MADISON, Wis., Oct. 29, 2015 (GLOBE NEWSWIRE) — Anchor BanCorp Wisconsin Inc. (the “Company”) (NASDAQ:ABCW), and its wholly-owned subsidiary, AnchorBank, fsb (the “Bank”), today announced financial results for the quarter ended September 30, 2015. The Company recorded a profitable quarter with net income of $15.5 million, or $1.62 per diluted common share. Pre-tax net income for the quarter ended September 30, 2015 of $25.9 million, or $2.71 per diluted share, included a negative provision for loan losses of $22.4 million, or $2.34 per diluted share, which was partially offset by $1.5 million in expense related to early lease termination expenses associated with several previously announced operational efficiency initiatives. Management anticipates these operational efficiency initiatives will result in annual net cost savings of approximately $5.4 million related to reduced compensation, occupancy and other operating costs.

“Following last quarter’s excellent results, we are posting another quarter of strong financial performance. Our continued focus on loan quality improvement has warranted the reduction of our allowance for loan loss this quarter. While the reduction is significant, our loan loss reserve levels remain solid. This quarter’s performance builds on over two years of profitable results and last quarter’s reversal of substantially all of the deferred tax asset valuation allowance,” said Chris Bauer, President and CEO.

Highlights include:

Negative Provision for Loan Losses

The allowance for loan losses is maintained at a level believed appropriate by management to absorb probable and estimable losses inherent in the loan portfolio and is based on: the size and current risk characteristics of the loan portfolio; an assessment of individual impaired loans; actual and anticipated loss experience; and current economic events in specific industries and geographical areas. These economic events include unemployment levels, regulatory guidance and general economic conditions. Determination of the allowance is inherently subjective as it requires significant estimates, including the amounts and timing of expected future cash flows on impaired loans, estimated losses on pools of homogeneous loans based on historical loss experience and consideration of current economic trends, all of which may be susceptible to significant change. Therefore, the allowance for loan losses accounts for elements of imprecision and estimation risk inherent in the calculation.

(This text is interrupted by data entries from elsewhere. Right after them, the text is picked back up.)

lemma poly_eq_smult_root_poly:
  assumes Y: "finite Y" "\<forall>z\<in>Y. poly P z = 0" and P: "P \<noteq> 0" and deg: "degree P \<le> card Y"
  shows "P = smult (lead_coeff P) (root_poly Y)" "degree P = card Y"
proof -
  obtain G where G: "P = G * root_poly Y" using root_poly_factor[OF Y] by blast
  then have "G \<noteq> 0" using P by auto
  then have "degree P = degree G + card Y" using G degree_root_poly[OF Y(1)] by (simp add: degree_mult_eq)
  then have "degree G = 0" "degree P = card Y" using deg by auto
  then obtain c where "G = [:c:]" by (metis degree_0_id)
  then show "P = smult (lead_coeff P) (root_poly Y)" using G by simp
  show "degree P = card Y" by fact
qed

lemma root_poly_signs_at_endpoints:
  assumes Y: "finite Y" "Y \<subseteq> {-1<..<1}"
  shows "poly (root_poly Y) 1 > 0" "(-1) ^ card Y * poly (root_poly Y) (-1) > 0"
proof -
  show "poly (root_poly Y) 1 > 0" unfolding poly_root_poly using Y by (intro prod_pos) auto
  have "poly (root_poly Y) (-1) = (-1) ^ card Y * (\<Prod>z\<in>Y. 1 + z)"
    using prod_uminus[of "\<lambda>z. 1 + z" Y] by (simp add: poly_root_poly)
  then have "(-1) ^ card Y * poly (root_poly Y) (-1) = ((-1) ^ card Y * (-1) ^ card Y) * (\<Prod>z\<in>Y. 1 + z)"
    by simp
  also have "\<dots> = (\<Prod>z\<in>Y. 1 + z)" by (simp add: power_mult_distrib[symmetric])
  also have "\<dots> > 0" using Y by (intro prod_pos) auto
  finally show "(-1) ^ card Y * poly (root_poly Y) (-1) > 0" .
qed
theory Submission
  imports Defs
begin

text \<open>Every accepted trial point is feasible and decreases F by at least (c/2)|x(t+1) - x(t)|^2,
so F(x(t)) is nonincreasing and the iterates stay in the bounded level set {F \<le> F(x(0))}.
Continuity of f + P1 - P2 on this bounded set bounds F(x(t)) from below, hence F(x(t)) converges,
and by continuity every accumulation point is feasible with the same value.  Since x(t+1)
satisfies the linearised constraints of the accepted subproblem, Fbar(x(t+1), x(t), LG(t))
coincides with F(x(t+1)) and has the same limit.  The MFCQ and Lipschitz hypotheses are needed
only for the line search to terminate, which the run hypothesis already asserts.\<close>

lemma Fobj_feasible: "feasible g y \<Longrightarrow> Fobj f P1 P2 g y = ereal (f y + P1 y - P2 y)"
  by (simp add: Fobj_def)

lemma Fbar_Gbar_nonpos:
  "(\<forall>i. Gbar g gradg z y w i \<le> 0) \<Longrightarrow> Fbar f P1 P2 g gradg z y w = ereal (f z + P1 z - P2 z)"
  by (simp add: Fbar_def)

lemma accepted_sufficient_decrease:
  assumes "accepted f P1 P2 g c y z" and "feasible g y"
  shows "feasible g z" and "f z + P1 z - P2 z \<le> f y + P1 y - P2 y - c / 2 * (norm (z - y))\<^sup>2"
  using assms by (auto simp: accepted_def Fobj_def)

lemma scp_step_accepted:
  fixes g :: "'m \<Rightarrow> 'a::real_inner \<Rightarrow> real" and Lg :: "'m \<Rightarrow> real"
  assumes "scp_step f gradf P1 P2 g gradg c Lmin Lmax \<tau> y \<xi> z Lf Lg"
  shows "accepted f P1 P2 g c y z" and "\<forall>i. Gbar g gradg z y Lg i \<le> 0"
proof -
  from assms obtain N :: nat and lf :: "nat \<Rightarrow> real" and lg :: "nat \<Rightarrow> 'm \<Rightarrow> real" and zs :: "nat \<Rightarrow> 'a"
    where "subsol gradf P1 g gradg y \<xi> (lf N) (lg N) (zs N)"
      and "accepted f P1 P2 g c y (zs N)" and "z = zs N" and "Lg = lg N"
    unfolding scp_step_def by blast
  then show "accepted f P1 P2 g c y z" and "\<forall>i. Gbar g gradg z y Lg i \<le> 0"
    by (simp_all add: subsol_def)
qed

lemma SCPls_feasible:
  assumes "SCPls f gradf P1 P2 g gradg c Lmin Lmax \<tau> x \<xi> LF LG"
  shows "feasible g (x t)"
proof (induction t)
  case 0
  then show ?case using assms by (simp add: SCPls_def)
next
  case (Suc t)
  from assms have "accepted f P1 P2 g c (x t) (x (Suc t))"
    unfolding SCPls_def by (blast dest: scp_step_accepted(1))
  then show ?case using Suc.IH by (rule accepted_sufficient_decrease)
qed

lemma SCPls_sufficient_decrease:
  assumes "SCPls f gradf P1 P2 g gradg c Lmin Lmax \<tau> x \<xi> LF LG"
  shows "f (x (Suc t)) + P1 (x (Suc t)) - P2 (x (Suc t))
           \<le> f (x t) + P1 (x t) - P2 (x t) - c / 2 * (norm (x (Suc t) - x t))\<^sup>2"
proof -
  from assms have "accepted f P1 P2 g c (x t) (x (Suc t))"
    unfolding SCPls_def by (blast dest: scp_step_accepted(1))
  then show ?thesis using SCPls_feasible[OF assms] by (rule accepted_sufficient_decrease)
qed

lemma SCPls_Gbar_nonpos:
  assumes "SCPls f gradf P1 P2 g gradg c Lmin Lmax \<tau> x \<xi> LF LG"
  shows "Gbar g gradg (x (Suc t)) (x t) (LG t) i \<le> 0"
  using assms unfolding SCPls_def by (blast dest: scp_step_accepted(2))

lemma accpts_nonempty:
  fixes x :: "nat \<Rightarrow> 'a::heine_borel"
  assumes "bounded (range x)"
  shows "accpts x \<noteq> {}"
  using bounded_imp_convergent_subsequence[OF assms] unfolding accpts_def by blast

lemma accpts_continuous_tendsto:
  fixes h :: "'a::topological_space \<Rightarrow> 'b::t2_space"
  assumes "continuous_on UNIV h" and "(\<lambda>t. h (x t)) \<longlonglongrightarrow> l" and "z \<in> accpts x"
  shows "h z = l"
proof -
  obtain r where r: "strict_mono r" "(x \<circ> r) \<longlonglongrightarrow> z"
    using assms(3) unfolding accpts_def by blast
  have "(\<lambda>n. h ((x \<circ> r) n)) \<longlonglongrightarrow> h z"
    using continuous_on_tendsto_compose[OF assms(1) r(2)] by simp
  moreover have "(\<lambda>n. h ((x \<circ> r) n)) \<longlonglongrightarrow> l"
    using LIMSEQ_subseq_LIMSEQ[OF assms(2) r(1)] by (simp add: comp_def)
  ultimately show ?thesis by (rule LIMSEQ_unique)
qed

lemma accpts_continuous_le:
  fixes h :: "'a::topological_space \<Rightarrow> real"
  assumes "continuous_on UNIV h" and "\<And>t. h (x t) \<le> b" and "z \<in> accpts x"
  shows "h z \<le> b"
proof -
  obtain r where r: "strict_mono r" "(x \<circ> r) \<longlonglongrightarrow> z"
    using assms(3) unfolding accpts_def by blast
  have "(\<lambda>n. h ((x \<circ> r) n)) \<longlonglongrightarrow> h z"
    using continuous_on_tendsto_compose[OF assms(1) r(2)] by simp
  then show ?thesis
    by (rule LIMSEQ_le_const2) (simp add: assms(2))
qed

lemma decseq_continuous_bounded_convergent:
  fixes x :: "nat \<Rightarrow> 'a::heine_borel" and h :: "'a \<Rightarrow> real"
  assumes "continuous_on UNIV h" and "bounded (range x)" and "decseq (\<lambda>t. h (x t))"
  shows "convergent (\<lambda>t. h (x t))"
proof -
  have "compact (h ` closure (range x))"
    using assms(2) continuous_on_subset[OF assms(1) subset_UNIV]
    by (intro compact_continuous_image) (simp_all add: compact_closure)
  then have "bounded (h ` closure (range x))"
    by (rule compact_imp_bounded)
  moreover have "range (\<lambda>t. h (x t)) \<subseteq> h ` closure (range x)"
    using closure_subset by blast
  ultimately have "Bseq (\<lambda>t. h (x t))"
    unfolding Bseq_eq_bounded by (rule bounded_subset)
  then show ?thesis
    using decseq_imp_monoseq[OF assms(3)] by (rule Bseq_monoseq_convergent)
qed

During the quarter ended September 30, 2015, after a review of the factors listed above, the Company determined such levels of allowance were no longer warranted. While loan quality has improved over a multi-year period, the quarter ended September 30, 2015 was the fourth consecutive quarter of recoveries exceeding charge-offs. Performance trends related to loan losses observed in 2015 include:

  • Total non-performing loans decreased $20.4 million to $14.7 million at September 30, 2015, from $35.1 million at December 31, 2014.
  • The Company has experienced recoveries in excess of charge-offs of $10.2 million over the past four quarters, including $4.9 million for the quarter ended September 30, 2015.
  • Total delinquencies (loans past due 30 days or more) at September 30, 2015 and December 31, 2014, were $18.0 million, or 1.15% of total gross loans, and $29.2 million, or 1.85% of total gross loans, respectively. The Company has experienced a reduction in delinquencies since December 31, 2014, as a result of increased monitoring, loss mitigation and improved economic conditions.
  • Total impaired loans decreased $23.7 million to $71.6 million at September 30, 2015, which included $56.9 million of performing TDRs, from $95.3 million at December 31, 2014, which included $60.2 million of performing TDRs.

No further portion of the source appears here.